Types of Data Transformation:


  1. Missing Value Imputation: Replacing missing values with estimated values based on statistical methods.
  2. Data Normalization: Scaling numerical data to a common range (e.g., 0-1) to prevent features with large ranges from dominating the analysis.
  3. Data Standardization: Similar to normalization, but also considers the mean and standard deviation of each feature.
  4. Categorical Encoding: Converting categorical variables into numerical representations (e.g., one-hot encoding).
  5. Time Series Transformation: Transforming time series data into a suitable format for analysis (e.g., seasonal decomposition).

Example: Data Preprocessing with Pandas in Python


Suppose we have a dataset of student exam scores, which includes missing values and categorical variables.
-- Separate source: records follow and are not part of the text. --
definition closed_op :: "(complex \<Rightarrow> 'x::banach \<Rightarrow> 'x) \<Rightarrow> ('x \<times> 'x) set \<Rightarrow> bool" where
  "closed_op sm A \<longleftrightarrow>
     (\<forall>x y z. (x, y) \<in> A \<longrightarrow> (x, z) \<in> A \<longrightarrow> y = z) \<and>
     (0, 0) \<in> A \<and>
     (\<forall>x y x' y'. (x, y) \<in> A \<longrightarrow> (x', y') \<in> A \<longrightarrow> (x + x', y + y') \<in> A) \<and>
     (\<forall>c x y. (x, y) \<in> A \<longrightarrow> (sm c x, sm c y) \<in> A) \<and>
     closed A"

definition is_bounded_op :: "(complex \<Rightarrow> 'x::banach \<Rightarrow> 'x) \<Rightarrow> ('x \<times> 'x) set \<Rightarrow> bool" where
  "is_bounded_op sm A \<longleftrightarrow> (\<exists>T. bounded_clinear_op sm T \<and> A = op_graph T)"

definition proto_calculus ::
  "(complex \<Rightarrow> 'f::{ring,monoid_mult} \<Rightarrow> 'f) \<Rightarrow> (complex \<Rightarrow> 'x::banach \<Rightarrow> 'x)
     \<Rightarrow> ('f \<Rightarrow> ('x \<times> 'x) set) \<Rightarrow> bool" where
  "proto_calculus smF smX \<Psi> \<longleftrightarrow>
     (\<forall>f. closed_op smX (\<Psi> f)) \<and>
     \<Psi> 1 = op_id \<and>
     (\<forall>c f. op_scale smX c (\<Psi> f) \<subseteq> \<Psi> (smF c f)) \<and>
     (\<forall>f g. op_add (\<Psi> f) (\<Psi> g) \<subseteq> \<Psi> (f + g)) \<and>
     (\<forall>f g. op_comp (\<Psi> f) (\<Psi> g) \<subseteq> \<Psi> (f * g) \<and>
            Domain (op_comp (\<Psi> f) (\<Psi> g)) = Domain (\<Psi> g) \<inter> Domain (\<Psi> (f * g)))"

definition reg_set ::
  "(complex \<Rightarrow> 'x::banach \<Rightarrow> 'x) \<Rightarrow> ('f::{ring,monoid_mult} \<Rightarrow> ('x \<times> 'x) set) \<Rightarrow> 'f \<Rightarrow> 'f set" where
  "reg_set smX \<Psi> f = {e. is_bounded_op smX (\<Psi> e) \<and> is_bounded_op smX (\<Psi> (e * f))}"

text \<open>"\<Psi>(ef)x = \<Psi>(e)y" means both sides are defined and equal.\<close>
definition calculus ::
  "(complex \<Rightarrow> 'f::{ring,monoid_mult} \<Rightarrow> 'f) \<Rightarrow> (complex \<Rightarrow> 'x::banach \<Rightarrow> 'x)
     \<Rightarrow> ('f \<Rightarrow> ('x \<times> 'x) set) \<Rightarrow> bool" where
  "calculus smF smX \<Psi> \<longleftrightarrow> proto_calculus smF smX \<Psi> \<and>
     (\<forall>f x y. (x, y) \<in> \<Psi> f \<longleftrightarrow>
        (\<forall>e \<in> reg_set smX \<Psi> f. \<exists>z. (x, z) \<in> \<Psi> (e * f) \<and> (y, z) \<in> \<Psi> e))"

end

theory Submission
  imports Defs
begin

text \<open>Anchoring says that the operators \<open>\<Phi> e\<close>, \<open>e \<in> [f]\<^sub>E\<close>, jointly separate the
points of X. Hence the relation \<open>\<Phi>(e f) x = \<Phi>(e) y\<close> for all \<open>e \<in> [f]\<^sub>E\<close> defines a
single-valued operator \<open>\<Phi>\<^sup>^(f)\<close>; it is closed because each \<open>\<Phi> e\<close> is bounded, and the
rules (FC1)--(FC3) follow by cancelling a common factor \<open>\<Phi> d\<close>, \<open>d\<close> ranging over a
suitable anchor set. Since \<open>[f]\<^sub>E \<subseteq> reg(f, \<Psi>)\<close> for every calculus \<open>\<Psi>\<close> extending \<open>\<Phi>\<close>,
the regularity condition forces \<open>\<Psi>(f) \<subseteq> \<Phi>\<^sup>^(f)\<close>. Conversely, if \<open>\<Psi>(e) = T\<close> and
\<open>\<Psi>(ef) = S\<close> are bounded and \<open>\<Phi>\<^sup>^(f) x = y\<close>, then \<open>T\<close> and \<open>S\<close> are restrictions of
\<open>\<Phi>\<^sup>^(e)\<close> and \<open>\<Phi>\<^sup>^(ef)\<close>, and the product rule for \<open>\<Phi>\<^sup>^\<close> gives \<open>S x = T y\<close>; so
\<open>\<Psi>(f) = \<Phi>\<^sup>^(f)\<close>.\<close>

locale anchored_algebra_hom =
  fixes smX :: "complex \<Rightarrow> 'x::banach \<Rightarrow> 'x"
    and smF :: "complex \<Rightarrow> 'f::{ring,monoid_mult} \<Rightarrow> 'f"
    and E :: "'f set"
    and \<Phi> :: "'f \<Rightarrow> 'x \<Rightarrow> 'x"
  assumes algebra: "complex_algebra smF"
    and subalg: "subalgebra smF E"
    and hom: "alg_hom_into_L smF smX E \<Phi>"
    and anchored: "\<forall>f. anchored E \<Phi> f"
begin

lemma zero_mem: "0 \<in> E"
  and add_mem: "e \<in> E \<Longrightarrow> e' \<in> E \<Longrightarrow> e + e' \<in> E"
  and mult_mem: "e \<in> E \<Longrightarrow> e' \<in> E \<Longrightarrow> e * e' \<in> E"
  and scale_mem: "e \<in> E \<Longrightarrow> smF c e \<in> E"
  using subalg by (simp_all add: subalgebra_def)

lemma smF_zero: "smF 0 f = 0"
  using algebra unfolding complex_algebra_def by (metis add_cancel_right_right)

lemma smF_minus_one: "smF (-1) f = - f"
proof -
  have "smF 1 f + smF (-1) f = 0"
    using algebra smF_zero unfolding complex_algebra_def by (metis add.right_inverse)
  then show ?thesis
    using algebra by (simp add: complex_algebra_def eq_neg_iff_add_eq_0 add.commute)
qed

lemma diff_mem: "e \<in> E \<Longrightarrow> e' \<in> E \<Longrightarrow> e - e' \<in> E"
  using add_mem[of e "smF (-1) e'"] scale_mem[of e' "-1"] by (simp add: smF_minus_one)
| Student ID | Name | Exam Score | City |
| --- | --- | --- | --- |
| 1 | John | 85.0 | New York |
| 2 | Emma | NaN | Los Angeles|
| 3 | Max | 90.5 | Chicago |
| ... | ... | ... | ... |

python
import pandas as pd

# Load the dataset
df = pd.read_csv('student_scores.csv')

# Print the first few rows of the dataset
print(df.head())

# Impute missing values with mean score (data transformation)
df['Exam Score'] = df['Exam Score'].fillna(df['Exam Score'].mean())

# One-hot encode categorical variable 'City' (data transformation)
df = pd.get_dummies(df, columns=['City'])

# Print the first few rows of the transformed dataset
print(df.head())

In this example, we use Pandas to load and manipulate a dataset. We impute missing values in the 'Exam Score' column with the mean score and apply one-hot encoding to the categorical variable 'City'. The resulting transformed dataset is then printed.

Data transformation is an essential step in data preprocessing, as it ensures that data is clean, consistent, and suitable for analysis.